German musician, musicologist and educator (1885–1967)

Hermann Keller (20 November 1885 – 17 August 1967) was a German Protestant church musician and musicologist.

== Life ==
Born in Stuttgart the son of an architect, he followed his father's profession by also studying architecture in Stuttgart and Munich. During his studies he became a member of the Stuttgart "Musische Studentenverbindung Swabia" in 1903. Max Reger, with whom Keller took private lessons, advised him to make music his profession. Keller followed this advice and thereupon studied additionally in Munich, Stuttgart and Leipzig. From 1910 he worked as a teacher at the Grand Ducal Music School and organist at the Stadtkirche in Weimar.
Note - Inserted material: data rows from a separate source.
(* Let $\mathbf{x}=(x_s)_{s\in\mathbb{Z}^3}\in\mathbb{C}^{\mathbb{Z}^3}$ satisfy the Kashaev equation, i.e. $K^C(\mathbf{x})=0$ for every unit cube $C$ in $\mathbb{Z}^3$. Then for every $v\in\mathbb{Z}^3$, $$\Big(\prod_{C\ni v}K^C_v(\mathbf{x})\Big)^2=\Big(\prod_{S\ni v}(x_vx_{v_2}+x_{v_1}x_{v_3})\Big)^2,$$ where the first product is over the $8$ unit cubes $C$ containing $v$, and the second product is over the $12$ unit squares $S$ (with vertices in $\mathbb{Z}^3$) containing $v$, with $v,v_1,v_2,v_3$ the vertices of $S$ listed in cyclic order. Moreover, $$\Big(\prod_{\substack{(i_1,i_2,i_3)\in\{-1,1\}^3\\ i_1i_2i_3=1}}K_v^{C_v(i_1,i_2,i_3)}(\mathbf{x})\Big)^2=\Big(\prod_{\substack{(i_1,i_2,i_3)\in\{-1,1\}^3\\ i_1i_2i_3=-1}}K_v^{C_v(i_1,i_2,i_3)}(\mathbf{x})\Big)^2=\prod_{S\ni v}(x_vx_{v_2}+x_{v_1}x_{v_3}).$$
   Context: For $v\in\mathbb{Z}^3$ and $(i_1,i_2,i_3)\in\{-1,1\}^3$, $C_v(i_1,i_2,i_3)$ denotes the unique unit cube in $\mathbb{Z}^3$ containing $v$ and $v+(i_1,i_2,i_3)$. For a unit cube $C$ and $\mathbf{x}\in\mathbb{C}^{\mathbb{Z}^3}$, label the values of $\mathbf{x}$ at the vertices of $C$ as $z_{ijk}$, $i,j,k\in\{0,1\}$, via any identification of $C$ with $\{0,1\}^3$ by a cube isomorphism, and set $a=z_{000}z_{111}$, $b=z_{100}z_{011}$, $c=z_{010}z_{101}$, $d=z_{001}z_{110}$, $s=z_{000}z_{011}z_{101}z_{110}$, $t=z_{111}z_{100}z_{010}z_{001}$, and $K^C(\mathbf{x})=2(a^2+b^2+c^2+d^2)-(a+b+c+d)^2-4(s+t)$ (this is independent of the identification). For a vertex $v$ of $C$, $K^C_v(\mathbf{x})$ is defined by choosing such a labeling with $z_{000}=x_v$ (so $z_{111}$ is the value at the vertex opposite $v$) and setting $K^C_v(\mathbf{x})=\tfrac12\big(z_{111}z_{000}^2-z_{000}(z_{100}z_{011}+z_{010}z_{101}+z_{001}z_{110})\big)-z_{100}z_{010}z_{001}$. *)

theory Defs
  imports Complex_Main
begin

type_synonym pt = "int \<times> int \<times> int"

definition sh :: "pt \<Rightarrow> int \<Rightarrow> int \<Rightarrow> int \<Rightarrow> pt" where
  "sh v a b c = (case v of (p, q, r) \<Rightarrow> (p + a, q + b, r + c))"

definition ev :: "nat \<Rightarrow> int \<Rightarrow> pt" where
  "ev p a = (if p = 0 then a else 0, if p = 1 then a else 0, if p = 2 then a else 0)"

definition padd :: "pt \<Rightarrow> pt \<Rightarrow> pt" where
  "padd u w = (case u of (p, q, r) \<Rightarrow> sh w p q r)"

text \<open>K^C for a cube whose vertex values are z i j k, i j k in {0,1}.\<close>
definition Kcube :: "(nat \<Rightarrow> nat \<Rightarrow> nat \<Rightarrow> complex) \<Rightarrow> complex" where
  "Kcube z = (let a = z 0 0 0 * z 1 1 1; b = z 1 0 0 * z 0 1 1;
                  c = z 0 1 0 * z 1 0 1; d = z 0 0 1 * z 1 1 0;
                  s = z 0 0 0 * z 0 1 1 * z 1 0 1 * z 1 1 0;
                  t = z 1 1 1 * z 1 0 0 * z 0 1 0 * z 0 0 1
              in 2 * (a^2 + b^2 + c^2 + d^2) - (a + b + c + d)^2 - 4 * (s + t))"

text \<open>K^C_v for a labelling with z 0 0 0 = x_v.\<close>
definition Kvert :: "(nat \<Rightarrow> nat \<Rightarrow> nat \<Rightarrow> complex) \<Rightarrow> complex" where
  "Kvert z = (1/2) * (z 1 1 1 * (z 0 0 0)^2
                 - z 0 0 0 * (z 1 0 0 * z 0 1 1 + z 0 1 0 * z 1 0 1 + z 0 0 1 * z 1 1 0))
             - z 1 0 0 * z 0 1 0 * z 0 0 1"

text \<open>Every unit cube is {w + (i,j,k) | i,j,k in {0,1}} for a unique w; labelled accordingly.\<close>
definition kashaev :: "(pt \<Rightarrow> complex) \<Rightarrow> bool" where
  "kashaev x \<longleftrightarrow> (\<forall>w. Kcube (\<lambda>i j k. x (sh w (int i) (int j) (int k))) = 0)"

definition KvC :: "(pt \<Rightarrow> complex) \<Rightarrow> pt \<Rightarrow> int \<Rightarrow> int \<Rightarrow> int \<Rightarrow> complex" where
  "KvC x v i1 i2 i3 = Kvert (\<lambda>i j k. x (sh v (int i * i1) (int j * i2) (int k * i3)))"

definition signs3 :: "(int \<times> int \<times> int) set" where
  "signs3 = {-1, 1} \<times> {-1, 1} \<times> {-1, 1}"

text \<open>The 12 unit squares containing v: directions p<q, signs a b; cyclic vertices
  v, v + a e_p, v + a e_p + b e_q, v + b e_q.\<close>
definition squares_at :: "((nat \<times> nat) \<times> int \<times> int) set" where
  "squares_at = {(0,1), (0,2), (1,2)} \<times> {-1, 1} \<times> {-1, 1}"

definition sq_term :: "(pt \<Rightarrow> complex) \<Rightarrow> pt \<Rightarrow> (nat \<times> nat) \<times> int \<times> int \<Rightarrow> complex" where
  "sq_term x v s = (case s of ((p, q), a, b) \<Rightarrow>
     x v * x (padd (padd (ev p a) (ev q b)) v) + x (padd (ev p a) v) * x (padd (ev q b) v))"

end

theory Submission imports Defs begin

text \<open>For every cube C containing v, the polynomial identity
  (K^C_v)^2 - (product of the three faces of C at v) = x_v^2/4 K^C
  shows that on a solution of the Kashaev equation (K^C_v)^2 is the product of the three
  face terms of C at v. Among the four cubes C_v(i1,i2,i3) with a fixed value of i1 i2 i3,
  every one of the twelve unit squares at v is a face of exactly one cube, which gives the
  second and third identities; the first is their product.\<close>

lemma Kvert_square_eq:
  "(Kvert z)^2 = (z 0 0 0 * z 1 1 0 + z 1 0 0 * z 0 1 0) * (z 0 0 0 * z 1 0 1 + z 1 0 0 * z 0 0 1)
      * (z 0 0 0 * z 0 1 1 + z 0 1 0 * z 0 0 1) + (z 0 0 0)^2 / 4 * Kcube z"
  unfolding Kvert_def Kcube_def Let_def by (simp add: field_simps; algebra)

text \<open>C_v(i1,i2,i3) is the cube with corner v + (min 0 i1, min 0 i2, min 0 i3), labelled
  through reflections of the coordinates, and K^C does not depend on the labelling.\<close>
lemma kashaev_Kcube_signed:
  assumes "kashaev x" and "(i1, i2, i3) \<in> signs3"
  shows "Kcube (\<lambda>i j k. x (sh v (int i * i1) (int j * i2) (int k * i3))) = 0"
proof -
  obtain p q r where v: "v = (p, q, r)" by (cases v) auto
  have corner: "Kcube (\<lambda>i j k. x (sh (p + min 0 i1, q + min 0 i2, r + min 0 i3)
      (int i) (int j) (int k))) = 0"
    using assms(1) unfolding kashaev_def by blast
  from assms(2) have "i1 \<in> {-1, 1}" "i2 \<in> {-1, 1}" "i3 \<in> {-1, 1}"
    by (auto simp: signs3_def)
  then show ?thesis using corner unfolding v
    by (auto simp: Kcube_def Let_def sh_def algebra_simps)
qed

lemma kashaev_KvC_square:
  assumes "kashaev x" and "(i1, i2, i3) \<in> signs3"
  shows "(KvC x v i1 i2 i3)^2
    = sq_term x v ((0,1), i1, i2) * sq_term x v ((0,2), i1, i3) * sq_term x v ((1,2), i2, i3)"
proof -
  let ?z = "\<lambda>i j k. x (sh v (int i * i1) (int j * i2) (int k * i3))"
  obtain p q r where v: "v = (p, q, r)" by (cases v) auto
  have "sq_term x v ((0,1), i1, i2) = ?z 0 0 0 * ?z 1 1 0 + ?z 1 0 0 * ?z 0 1 0"
    and "sq_term x v ((0,2), i1, i3) = ?z 0 0 0 * ?z 1 0 1 + ?z 1 0 0 * ?z 0 0 1"
    and "sq_term x v ((1,2), i2, i3) = ?z 0 0 0 * ?z 0 1 1 + ?z 0 1 0 * ?z 0 0 1"
    unfolding v by (simp_all add: sq_term_def sh_def padd_def ev_def)
  with Kvert_square_eq[of ?z] kashaev_Kcube_signed[OF assms] show ?thesis
    unfolding KvC_def by simp
qed

lemma signs3_even_eq:
  "{(i1, i2, i3) \<in> signs3. i1 * i2 * i3 = 1} = {(1,1,1), (1,-1,-1), (-1,1,-1), (-1,-1,1)}"
  by (auto simp: signs3_def)

lemma signs3_odd_eq:
  "{(i1, i2, i3) \<in> signs3. i1 * i2 * i3 = -1} = {(-1,-1,-1), (-1,1,1), (1,-1,1), (1,1,-1)}"
  by (auto simp: signs3_def)

lemma signs3_split:
  "signs3 = {(i1, i2, i3) \<in> signs3. i1 * i2 * i3 = 1} \<union> {(i1, i2, i3) \<in> signs3. i1 * i2 * i3 = -1}"
  by (auto simp: signs3_def)

lemma prod_squares_at:
  "(\<Prod>s\<in>squares_at. f s) =
     f ((0,1),1,1) * f ((0,1),1,-1) * f ((0,1),-1,1) * f ((0,1),-1,-1) *
     f ((0,2),1,1) * f ((0,2),1,-1) * f ((0,2),-1,1) * f ((0,2),-1,-1) *
     f ((1,2),1,1) * f ((1,2),1,-1) * f ((1,2),-1,1) * f ((1,2),-1,-1)"
proof -
  have enum: "squares_at = {((0,1),1,1), ((0,1),1,-1), ((0,1),-1,1), ((0,1),-1,-1),
      ((0,2),1,1), ((0,2),1,-1), ((0,2),-1,1), ((0,2),-1,-1),
      ((1,2),1,1), ((1,2),1,-1), ((1,2),-1,1), ((1,2),-1,-1)}"
    by (auto simp: squares_at_def)
  show ?thesis unfolding enum by (simp add: ac_simps)
qed

theorem proposition2p8:
  fixes x :: "pt \<Rightarrow> complex" and v :: pt
  assumes "kashaev x"
  shows "(\<Prod>(i1, i2, i3)\<in>signs3. KvC x v i1 i2 i3)^2 = (\<Prod>s\<in>squares_at. sq_term x v s)^2
    \<and> (\<Prod>(i1, i2, i3)\<in>{(i1, i2, i3)\<in>signs3. i1 * i2 * i3 = 1}. KvC x v i1 i2 i3)^2
           = (\<Prod>s\<in>squares_at. sq_term x v s)
    \<and> (\<Prod>(i1, i2, i3)\<in>{(i1, i2, i3)\<in>signs3. i1 * i2 * i3 = -1}. KvC x v i1 i2 i3)^2
           = (\<Prod>s\<in>squares_at. sq_term x v s)"
proof -
  let ?K = "\<lambda>(i1, i2, i3). KvC x v i1 i2 i3"
  let ?even = "{(i1, i2, i3) \<in> signs3. i1 * i2 * i3 = 1}"
  let ?odd = "{(i1, i2, i3) \<in> signs3. i1 * i2 * i3 = -1}"
  let ?P = "\<Prod>s\<in>squares_at. sq_term x v s"
  note face_square = kashaev_KvC_square[OF assms, unfolded signs3_def]
  have even: "(prod ?K ?even)^2 = ?P"
    unfolding signs3_even_eq prod_squares_at
    by (simp add: power_mult_distrib face_square ac_simps)
  have odd: "(prod ?K ?odd)^2 = ?P"
    unfolding signs3_odd_eq prod_squares_at
    by (simp add: power_mult_distrib face_square ac_simps)
  have "prod ?K signs3 = prod ?K ?even * prod ?K ?odd"
    by (subst signs3_split, rule prod.union_disjoint) (auto simp: signs3_even_eq signs3_odd_eq)
  then have "(prod ?K signs3)^2 = (prod ?K ?even)^2 * (prod ?K ?odd)^2"
    by (simp only: power_mult_distrib)
  also have "\<dots> = ?P^2"
    unfolding even odd by (rule power2_eq_square[symmetric])
  finally show ?thesis using even odd by simp
qed

end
In 1916, however, he moved back to his home town of Stuttgart, where he worked as organist at the Markuskirche. (1916), lecturer at the Technical College (1919), teacher at the College of Music (1920) as well as head of its department for church and school music (1928-1933). After the Second World War, he was director of the State University of Music and Performing Arts Stuttgart (1946-1952) and was significantly involved in its reconstruction. Keller died in 1967 at age 81 as the result of a traffic accident.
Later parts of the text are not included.